§ **Input data**:
BEGIN
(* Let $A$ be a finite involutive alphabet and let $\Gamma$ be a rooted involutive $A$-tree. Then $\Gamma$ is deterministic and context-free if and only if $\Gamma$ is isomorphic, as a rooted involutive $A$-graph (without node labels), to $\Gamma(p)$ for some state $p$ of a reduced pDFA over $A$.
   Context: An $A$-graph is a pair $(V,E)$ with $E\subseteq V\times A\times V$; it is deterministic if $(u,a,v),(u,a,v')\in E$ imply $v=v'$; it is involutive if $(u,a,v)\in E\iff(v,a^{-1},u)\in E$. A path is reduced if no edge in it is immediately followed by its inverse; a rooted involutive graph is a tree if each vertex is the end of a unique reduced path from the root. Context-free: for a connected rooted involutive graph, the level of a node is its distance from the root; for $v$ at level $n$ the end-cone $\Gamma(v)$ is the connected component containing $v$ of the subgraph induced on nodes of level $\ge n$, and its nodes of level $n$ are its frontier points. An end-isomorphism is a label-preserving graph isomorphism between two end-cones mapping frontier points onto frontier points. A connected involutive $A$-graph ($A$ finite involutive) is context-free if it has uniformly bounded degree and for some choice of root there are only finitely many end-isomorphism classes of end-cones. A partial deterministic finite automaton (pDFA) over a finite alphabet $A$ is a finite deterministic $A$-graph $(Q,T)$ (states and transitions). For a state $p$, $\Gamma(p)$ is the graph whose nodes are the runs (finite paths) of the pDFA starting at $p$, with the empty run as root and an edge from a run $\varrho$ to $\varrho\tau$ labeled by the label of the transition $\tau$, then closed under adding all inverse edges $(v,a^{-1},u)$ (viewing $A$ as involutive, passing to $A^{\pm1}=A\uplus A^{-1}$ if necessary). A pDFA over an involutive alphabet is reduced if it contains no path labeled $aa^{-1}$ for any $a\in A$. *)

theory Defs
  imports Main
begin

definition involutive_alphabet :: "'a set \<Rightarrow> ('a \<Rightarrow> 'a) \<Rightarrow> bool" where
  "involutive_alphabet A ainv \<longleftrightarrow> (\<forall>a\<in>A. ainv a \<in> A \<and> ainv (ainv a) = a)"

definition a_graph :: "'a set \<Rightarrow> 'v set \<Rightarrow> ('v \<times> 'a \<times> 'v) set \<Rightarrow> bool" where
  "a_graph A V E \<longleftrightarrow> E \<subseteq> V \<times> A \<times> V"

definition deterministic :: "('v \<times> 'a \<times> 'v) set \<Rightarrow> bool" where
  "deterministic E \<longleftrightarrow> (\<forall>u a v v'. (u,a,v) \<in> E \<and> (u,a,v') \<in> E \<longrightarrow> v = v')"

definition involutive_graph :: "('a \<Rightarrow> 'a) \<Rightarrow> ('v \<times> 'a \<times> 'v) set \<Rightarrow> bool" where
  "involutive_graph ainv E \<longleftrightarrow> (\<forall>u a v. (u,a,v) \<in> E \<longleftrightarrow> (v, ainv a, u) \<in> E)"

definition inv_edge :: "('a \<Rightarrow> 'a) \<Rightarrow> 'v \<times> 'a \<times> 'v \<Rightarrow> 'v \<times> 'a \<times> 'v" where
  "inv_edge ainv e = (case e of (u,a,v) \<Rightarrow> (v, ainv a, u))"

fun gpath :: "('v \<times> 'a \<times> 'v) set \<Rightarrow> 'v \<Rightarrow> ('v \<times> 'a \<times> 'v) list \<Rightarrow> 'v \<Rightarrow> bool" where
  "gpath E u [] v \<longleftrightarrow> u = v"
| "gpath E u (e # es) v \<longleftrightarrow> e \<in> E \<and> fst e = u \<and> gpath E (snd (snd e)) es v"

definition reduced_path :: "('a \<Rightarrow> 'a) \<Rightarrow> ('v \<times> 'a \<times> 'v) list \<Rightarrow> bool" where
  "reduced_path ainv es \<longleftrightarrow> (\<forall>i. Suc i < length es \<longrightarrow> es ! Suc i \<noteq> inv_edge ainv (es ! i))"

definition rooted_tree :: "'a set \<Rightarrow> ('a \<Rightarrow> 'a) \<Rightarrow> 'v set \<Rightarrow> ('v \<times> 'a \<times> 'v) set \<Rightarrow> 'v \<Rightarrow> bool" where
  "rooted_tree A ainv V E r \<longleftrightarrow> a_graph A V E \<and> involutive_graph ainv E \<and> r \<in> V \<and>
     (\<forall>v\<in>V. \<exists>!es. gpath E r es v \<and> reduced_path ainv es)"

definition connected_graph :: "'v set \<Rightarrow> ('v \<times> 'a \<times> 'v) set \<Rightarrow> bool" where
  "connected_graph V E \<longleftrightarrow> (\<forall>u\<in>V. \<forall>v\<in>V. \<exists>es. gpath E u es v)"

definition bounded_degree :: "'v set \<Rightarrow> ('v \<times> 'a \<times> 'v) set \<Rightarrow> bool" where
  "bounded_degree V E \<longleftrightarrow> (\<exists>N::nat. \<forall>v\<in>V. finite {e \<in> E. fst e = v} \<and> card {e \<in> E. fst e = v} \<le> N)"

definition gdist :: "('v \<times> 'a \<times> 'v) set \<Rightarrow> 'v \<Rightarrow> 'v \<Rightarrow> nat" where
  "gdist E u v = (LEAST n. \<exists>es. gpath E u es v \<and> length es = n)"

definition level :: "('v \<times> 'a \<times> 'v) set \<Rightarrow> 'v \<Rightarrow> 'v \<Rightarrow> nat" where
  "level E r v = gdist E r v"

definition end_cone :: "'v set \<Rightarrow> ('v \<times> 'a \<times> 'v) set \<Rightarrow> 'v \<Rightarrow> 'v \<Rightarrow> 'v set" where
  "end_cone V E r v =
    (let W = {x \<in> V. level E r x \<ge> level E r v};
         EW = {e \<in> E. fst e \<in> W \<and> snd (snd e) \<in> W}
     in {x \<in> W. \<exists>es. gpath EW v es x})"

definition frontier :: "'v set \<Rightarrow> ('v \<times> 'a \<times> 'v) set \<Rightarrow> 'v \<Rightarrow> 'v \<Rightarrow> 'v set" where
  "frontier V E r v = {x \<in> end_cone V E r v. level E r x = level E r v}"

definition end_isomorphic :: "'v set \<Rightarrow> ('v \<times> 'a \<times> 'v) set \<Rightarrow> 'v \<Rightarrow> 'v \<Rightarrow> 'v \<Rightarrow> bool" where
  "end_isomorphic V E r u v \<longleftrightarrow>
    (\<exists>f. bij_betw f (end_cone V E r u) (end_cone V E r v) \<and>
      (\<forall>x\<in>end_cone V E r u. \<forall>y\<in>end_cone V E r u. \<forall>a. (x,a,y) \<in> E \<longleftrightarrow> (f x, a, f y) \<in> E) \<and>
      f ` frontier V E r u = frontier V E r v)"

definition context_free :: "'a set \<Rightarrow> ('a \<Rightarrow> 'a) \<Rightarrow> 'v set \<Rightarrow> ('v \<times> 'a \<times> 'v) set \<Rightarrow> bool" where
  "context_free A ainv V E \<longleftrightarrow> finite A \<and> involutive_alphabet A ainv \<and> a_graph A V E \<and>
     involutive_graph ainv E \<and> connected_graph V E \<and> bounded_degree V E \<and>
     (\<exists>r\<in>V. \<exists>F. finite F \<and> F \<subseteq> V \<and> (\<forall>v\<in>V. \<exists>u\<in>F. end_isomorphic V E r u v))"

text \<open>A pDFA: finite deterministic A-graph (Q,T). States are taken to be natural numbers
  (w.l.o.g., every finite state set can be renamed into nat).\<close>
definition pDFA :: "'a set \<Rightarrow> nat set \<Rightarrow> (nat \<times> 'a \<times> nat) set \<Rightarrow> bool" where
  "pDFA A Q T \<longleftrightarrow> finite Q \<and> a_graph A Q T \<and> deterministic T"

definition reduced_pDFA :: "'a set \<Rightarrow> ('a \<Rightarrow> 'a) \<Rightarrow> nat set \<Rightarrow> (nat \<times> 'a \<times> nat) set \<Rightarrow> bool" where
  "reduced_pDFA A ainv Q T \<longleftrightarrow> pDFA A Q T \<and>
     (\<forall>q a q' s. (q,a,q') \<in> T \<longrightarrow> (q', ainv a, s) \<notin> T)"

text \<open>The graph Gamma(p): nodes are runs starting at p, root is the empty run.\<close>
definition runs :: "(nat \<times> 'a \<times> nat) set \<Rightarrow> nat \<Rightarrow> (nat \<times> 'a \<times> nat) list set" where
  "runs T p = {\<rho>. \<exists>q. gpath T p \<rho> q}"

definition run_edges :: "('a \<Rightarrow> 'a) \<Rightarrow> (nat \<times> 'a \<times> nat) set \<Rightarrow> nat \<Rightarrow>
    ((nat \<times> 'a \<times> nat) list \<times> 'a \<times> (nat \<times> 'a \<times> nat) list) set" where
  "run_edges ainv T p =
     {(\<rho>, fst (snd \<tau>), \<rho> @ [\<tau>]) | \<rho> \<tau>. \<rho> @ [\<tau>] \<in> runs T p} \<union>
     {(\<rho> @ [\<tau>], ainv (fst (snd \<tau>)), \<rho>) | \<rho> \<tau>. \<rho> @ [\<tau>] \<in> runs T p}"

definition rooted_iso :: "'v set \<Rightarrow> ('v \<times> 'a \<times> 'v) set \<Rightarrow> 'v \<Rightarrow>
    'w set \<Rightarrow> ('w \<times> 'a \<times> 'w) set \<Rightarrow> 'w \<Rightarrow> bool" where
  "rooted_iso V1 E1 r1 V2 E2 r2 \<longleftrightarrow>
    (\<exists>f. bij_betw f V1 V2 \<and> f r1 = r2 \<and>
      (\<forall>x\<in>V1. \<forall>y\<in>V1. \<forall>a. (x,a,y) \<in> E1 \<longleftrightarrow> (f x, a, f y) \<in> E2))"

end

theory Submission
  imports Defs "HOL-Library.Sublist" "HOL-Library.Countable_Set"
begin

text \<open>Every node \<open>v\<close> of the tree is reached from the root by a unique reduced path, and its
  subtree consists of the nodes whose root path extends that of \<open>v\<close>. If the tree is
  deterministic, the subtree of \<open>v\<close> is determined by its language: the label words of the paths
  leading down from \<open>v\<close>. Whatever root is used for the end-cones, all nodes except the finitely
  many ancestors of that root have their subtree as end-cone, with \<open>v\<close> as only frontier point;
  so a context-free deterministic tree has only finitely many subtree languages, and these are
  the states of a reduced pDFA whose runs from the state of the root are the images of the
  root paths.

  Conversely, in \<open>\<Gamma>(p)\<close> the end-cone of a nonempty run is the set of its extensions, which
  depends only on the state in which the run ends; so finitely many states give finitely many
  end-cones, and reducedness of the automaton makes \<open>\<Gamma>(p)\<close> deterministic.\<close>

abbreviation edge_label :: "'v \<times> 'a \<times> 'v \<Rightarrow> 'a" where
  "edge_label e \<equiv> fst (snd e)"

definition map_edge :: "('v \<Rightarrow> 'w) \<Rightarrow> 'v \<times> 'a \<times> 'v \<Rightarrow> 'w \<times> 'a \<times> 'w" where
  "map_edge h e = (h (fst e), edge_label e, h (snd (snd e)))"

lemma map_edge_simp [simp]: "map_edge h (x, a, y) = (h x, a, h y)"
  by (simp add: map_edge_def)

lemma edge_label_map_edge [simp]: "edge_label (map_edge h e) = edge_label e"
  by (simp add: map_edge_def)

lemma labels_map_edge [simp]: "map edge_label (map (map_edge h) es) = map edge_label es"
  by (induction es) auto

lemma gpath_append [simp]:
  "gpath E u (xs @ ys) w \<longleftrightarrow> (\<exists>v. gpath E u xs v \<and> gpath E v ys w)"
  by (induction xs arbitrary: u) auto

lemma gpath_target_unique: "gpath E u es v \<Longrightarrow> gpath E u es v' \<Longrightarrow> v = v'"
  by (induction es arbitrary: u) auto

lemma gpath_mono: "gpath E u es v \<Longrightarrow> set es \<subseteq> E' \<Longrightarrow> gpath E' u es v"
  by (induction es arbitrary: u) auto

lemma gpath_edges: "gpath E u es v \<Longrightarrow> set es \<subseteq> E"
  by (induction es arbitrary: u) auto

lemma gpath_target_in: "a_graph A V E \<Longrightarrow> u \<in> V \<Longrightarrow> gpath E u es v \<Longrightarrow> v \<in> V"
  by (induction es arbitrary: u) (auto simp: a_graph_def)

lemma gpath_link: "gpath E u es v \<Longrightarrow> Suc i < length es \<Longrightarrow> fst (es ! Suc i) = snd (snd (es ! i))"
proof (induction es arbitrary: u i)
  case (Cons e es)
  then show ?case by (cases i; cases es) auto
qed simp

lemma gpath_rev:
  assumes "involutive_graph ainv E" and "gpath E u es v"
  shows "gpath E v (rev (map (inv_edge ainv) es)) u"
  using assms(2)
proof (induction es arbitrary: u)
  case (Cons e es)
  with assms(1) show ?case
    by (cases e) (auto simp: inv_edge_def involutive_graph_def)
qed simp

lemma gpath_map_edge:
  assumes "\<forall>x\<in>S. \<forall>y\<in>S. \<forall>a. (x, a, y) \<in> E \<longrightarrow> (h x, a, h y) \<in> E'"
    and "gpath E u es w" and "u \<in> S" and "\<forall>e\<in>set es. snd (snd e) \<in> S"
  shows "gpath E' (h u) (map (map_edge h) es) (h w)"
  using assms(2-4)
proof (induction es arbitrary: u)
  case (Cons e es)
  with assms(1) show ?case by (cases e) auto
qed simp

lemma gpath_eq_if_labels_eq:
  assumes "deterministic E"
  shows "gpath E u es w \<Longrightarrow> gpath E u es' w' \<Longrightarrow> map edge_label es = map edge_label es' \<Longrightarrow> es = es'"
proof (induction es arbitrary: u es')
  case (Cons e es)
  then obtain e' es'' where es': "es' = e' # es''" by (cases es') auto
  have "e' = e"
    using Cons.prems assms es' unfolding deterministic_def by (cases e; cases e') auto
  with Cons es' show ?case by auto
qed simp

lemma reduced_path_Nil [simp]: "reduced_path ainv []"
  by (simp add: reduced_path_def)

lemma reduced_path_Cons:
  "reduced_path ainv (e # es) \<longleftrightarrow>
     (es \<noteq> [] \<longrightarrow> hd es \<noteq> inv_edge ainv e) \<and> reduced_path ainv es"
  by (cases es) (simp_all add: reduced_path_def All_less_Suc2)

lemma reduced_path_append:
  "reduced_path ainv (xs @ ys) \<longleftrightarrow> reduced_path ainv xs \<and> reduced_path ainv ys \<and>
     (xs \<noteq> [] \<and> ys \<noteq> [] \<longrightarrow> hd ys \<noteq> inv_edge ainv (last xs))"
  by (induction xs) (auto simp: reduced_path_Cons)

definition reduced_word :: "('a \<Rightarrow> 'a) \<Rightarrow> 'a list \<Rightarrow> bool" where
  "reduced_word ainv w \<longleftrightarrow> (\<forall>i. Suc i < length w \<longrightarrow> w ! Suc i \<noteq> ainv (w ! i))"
END
BEGIN
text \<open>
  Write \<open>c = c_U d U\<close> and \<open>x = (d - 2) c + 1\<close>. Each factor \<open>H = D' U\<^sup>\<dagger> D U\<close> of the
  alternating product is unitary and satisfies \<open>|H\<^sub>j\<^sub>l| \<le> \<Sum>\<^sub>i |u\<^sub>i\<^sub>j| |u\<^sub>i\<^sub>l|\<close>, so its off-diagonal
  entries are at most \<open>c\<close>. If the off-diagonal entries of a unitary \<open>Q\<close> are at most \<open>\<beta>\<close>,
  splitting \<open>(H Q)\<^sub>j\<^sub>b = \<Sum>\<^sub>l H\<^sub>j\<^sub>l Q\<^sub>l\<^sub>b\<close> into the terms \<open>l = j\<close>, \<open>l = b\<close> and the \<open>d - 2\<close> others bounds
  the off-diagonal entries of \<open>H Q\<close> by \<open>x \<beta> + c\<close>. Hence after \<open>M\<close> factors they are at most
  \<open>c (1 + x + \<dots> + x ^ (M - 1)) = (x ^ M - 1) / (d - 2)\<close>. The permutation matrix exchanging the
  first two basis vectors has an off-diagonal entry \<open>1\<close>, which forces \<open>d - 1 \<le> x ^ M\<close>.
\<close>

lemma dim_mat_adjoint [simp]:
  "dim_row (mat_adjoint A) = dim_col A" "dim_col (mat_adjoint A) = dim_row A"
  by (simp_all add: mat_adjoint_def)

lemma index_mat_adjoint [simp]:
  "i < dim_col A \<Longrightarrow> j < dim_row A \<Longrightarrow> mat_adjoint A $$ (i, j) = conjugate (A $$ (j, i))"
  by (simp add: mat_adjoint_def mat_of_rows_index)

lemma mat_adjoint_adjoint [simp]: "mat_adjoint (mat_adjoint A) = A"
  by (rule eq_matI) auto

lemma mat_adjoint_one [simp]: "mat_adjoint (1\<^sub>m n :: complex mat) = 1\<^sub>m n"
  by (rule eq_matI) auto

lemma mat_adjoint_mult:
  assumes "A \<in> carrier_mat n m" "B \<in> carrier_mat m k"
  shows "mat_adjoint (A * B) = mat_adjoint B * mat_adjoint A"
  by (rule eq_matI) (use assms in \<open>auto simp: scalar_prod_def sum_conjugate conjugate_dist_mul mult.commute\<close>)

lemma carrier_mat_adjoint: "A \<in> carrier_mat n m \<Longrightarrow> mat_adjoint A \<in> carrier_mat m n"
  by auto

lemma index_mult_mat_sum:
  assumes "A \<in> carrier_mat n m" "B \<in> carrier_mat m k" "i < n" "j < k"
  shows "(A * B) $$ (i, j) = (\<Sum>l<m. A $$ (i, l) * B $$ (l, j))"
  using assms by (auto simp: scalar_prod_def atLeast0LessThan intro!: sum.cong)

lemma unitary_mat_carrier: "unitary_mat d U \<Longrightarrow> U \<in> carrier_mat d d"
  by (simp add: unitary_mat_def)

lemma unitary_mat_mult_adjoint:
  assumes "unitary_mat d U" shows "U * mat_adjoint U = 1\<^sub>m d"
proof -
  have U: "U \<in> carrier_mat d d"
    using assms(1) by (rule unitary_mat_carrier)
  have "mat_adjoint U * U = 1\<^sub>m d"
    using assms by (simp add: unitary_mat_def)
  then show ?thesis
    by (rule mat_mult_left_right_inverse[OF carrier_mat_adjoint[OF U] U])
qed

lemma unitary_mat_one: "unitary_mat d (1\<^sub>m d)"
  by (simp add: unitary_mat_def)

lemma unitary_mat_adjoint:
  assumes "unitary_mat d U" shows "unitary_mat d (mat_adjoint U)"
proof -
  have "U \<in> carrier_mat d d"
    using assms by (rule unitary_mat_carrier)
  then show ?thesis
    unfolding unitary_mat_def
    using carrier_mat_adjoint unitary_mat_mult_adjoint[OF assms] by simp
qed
END
BEGIN
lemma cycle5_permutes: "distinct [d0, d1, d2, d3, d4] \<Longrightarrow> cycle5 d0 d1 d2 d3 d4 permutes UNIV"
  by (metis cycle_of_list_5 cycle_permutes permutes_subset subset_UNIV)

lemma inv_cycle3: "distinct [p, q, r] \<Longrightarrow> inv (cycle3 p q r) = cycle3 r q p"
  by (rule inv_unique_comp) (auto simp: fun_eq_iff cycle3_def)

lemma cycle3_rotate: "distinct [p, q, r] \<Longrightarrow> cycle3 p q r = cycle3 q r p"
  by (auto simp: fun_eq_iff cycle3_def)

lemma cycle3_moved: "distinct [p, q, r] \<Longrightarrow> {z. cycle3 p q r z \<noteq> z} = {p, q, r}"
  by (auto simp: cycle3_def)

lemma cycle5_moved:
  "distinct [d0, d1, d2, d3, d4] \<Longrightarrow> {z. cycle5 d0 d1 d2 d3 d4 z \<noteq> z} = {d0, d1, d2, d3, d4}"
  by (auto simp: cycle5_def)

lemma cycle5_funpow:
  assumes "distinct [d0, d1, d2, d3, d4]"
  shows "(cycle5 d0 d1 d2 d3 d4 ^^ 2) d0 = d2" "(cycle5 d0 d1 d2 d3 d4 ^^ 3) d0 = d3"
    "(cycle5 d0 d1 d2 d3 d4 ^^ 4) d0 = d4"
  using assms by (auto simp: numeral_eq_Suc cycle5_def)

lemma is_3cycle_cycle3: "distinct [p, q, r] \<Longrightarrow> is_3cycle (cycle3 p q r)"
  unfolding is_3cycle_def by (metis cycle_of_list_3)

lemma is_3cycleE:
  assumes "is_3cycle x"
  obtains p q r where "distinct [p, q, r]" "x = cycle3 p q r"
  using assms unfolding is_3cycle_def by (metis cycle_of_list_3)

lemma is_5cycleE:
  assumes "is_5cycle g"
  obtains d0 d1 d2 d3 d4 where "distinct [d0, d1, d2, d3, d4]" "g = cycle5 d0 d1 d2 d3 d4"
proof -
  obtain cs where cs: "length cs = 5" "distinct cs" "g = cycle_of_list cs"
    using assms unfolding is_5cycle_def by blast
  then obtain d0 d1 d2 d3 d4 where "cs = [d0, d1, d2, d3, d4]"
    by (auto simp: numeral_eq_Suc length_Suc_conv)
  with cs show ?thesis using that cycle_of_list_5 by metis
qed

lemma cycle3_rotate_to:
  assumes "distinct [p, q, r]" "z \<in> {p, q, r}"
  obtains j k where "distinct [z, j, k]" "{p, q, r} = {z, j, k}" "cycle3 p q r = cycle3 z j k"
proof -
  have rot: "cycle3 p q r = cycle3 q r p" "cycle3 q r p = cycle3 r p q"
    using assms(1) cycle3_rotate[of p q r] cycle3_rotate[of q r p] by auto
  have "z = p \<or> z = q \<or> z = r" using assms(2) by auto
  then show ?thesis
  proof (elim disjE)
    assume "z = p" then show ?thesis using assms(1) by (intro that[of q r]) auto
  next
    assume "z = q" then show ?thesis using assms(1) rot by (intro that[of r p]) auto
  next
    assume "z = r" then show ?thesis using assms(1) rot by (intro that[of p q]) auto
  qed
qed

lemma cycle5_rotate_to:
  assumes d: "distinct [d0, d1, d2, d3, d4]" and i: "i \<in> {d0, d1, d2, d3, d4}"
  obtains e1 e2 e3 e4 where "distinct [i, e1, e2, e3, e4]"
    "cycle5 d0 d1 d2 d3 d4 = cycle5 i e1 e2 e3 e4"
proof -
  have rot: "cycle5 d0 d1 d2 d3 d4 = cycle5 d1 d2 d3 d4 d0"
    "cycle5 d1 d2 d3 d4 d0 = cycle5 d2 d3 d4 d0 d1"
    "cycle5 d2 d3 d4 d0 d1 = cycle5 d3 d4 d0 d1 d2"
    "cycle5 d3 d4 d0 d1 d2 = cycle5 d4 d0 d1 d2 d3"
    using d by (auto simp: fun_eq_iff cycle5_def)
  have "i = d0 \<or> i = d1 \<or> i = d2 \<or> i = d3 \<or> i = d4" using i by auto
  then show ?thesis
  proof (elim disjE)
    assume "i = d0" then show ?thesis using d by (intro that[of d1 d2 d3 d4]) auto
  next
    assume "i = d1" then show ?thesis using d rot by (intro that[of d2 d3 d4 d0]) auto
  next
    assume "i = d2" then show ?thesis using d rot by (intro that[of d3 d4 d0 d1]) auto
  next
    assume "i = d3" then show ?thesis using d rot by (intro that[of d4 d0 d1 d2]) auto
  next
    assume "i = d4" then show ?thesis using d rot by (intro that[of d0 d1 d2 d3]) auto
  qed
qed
END
§ **Assignment**: If a line of the data holds the string "into", list it.

§ **Expected answer**:
  (w.l.o.g., every finite state set can be renamed into nat).\<close>
  splitting \<open>(H Q)\<^sub>j\<^sub>b = \<Sum>\<^sub>l H\<^sub>j\<^sub>l Q\<^sub>l\<^sub>b\<close> into the terms \<open>l = j\<close>, \<open>l = b\<close> and the \<open>d - 2\<close> others bounds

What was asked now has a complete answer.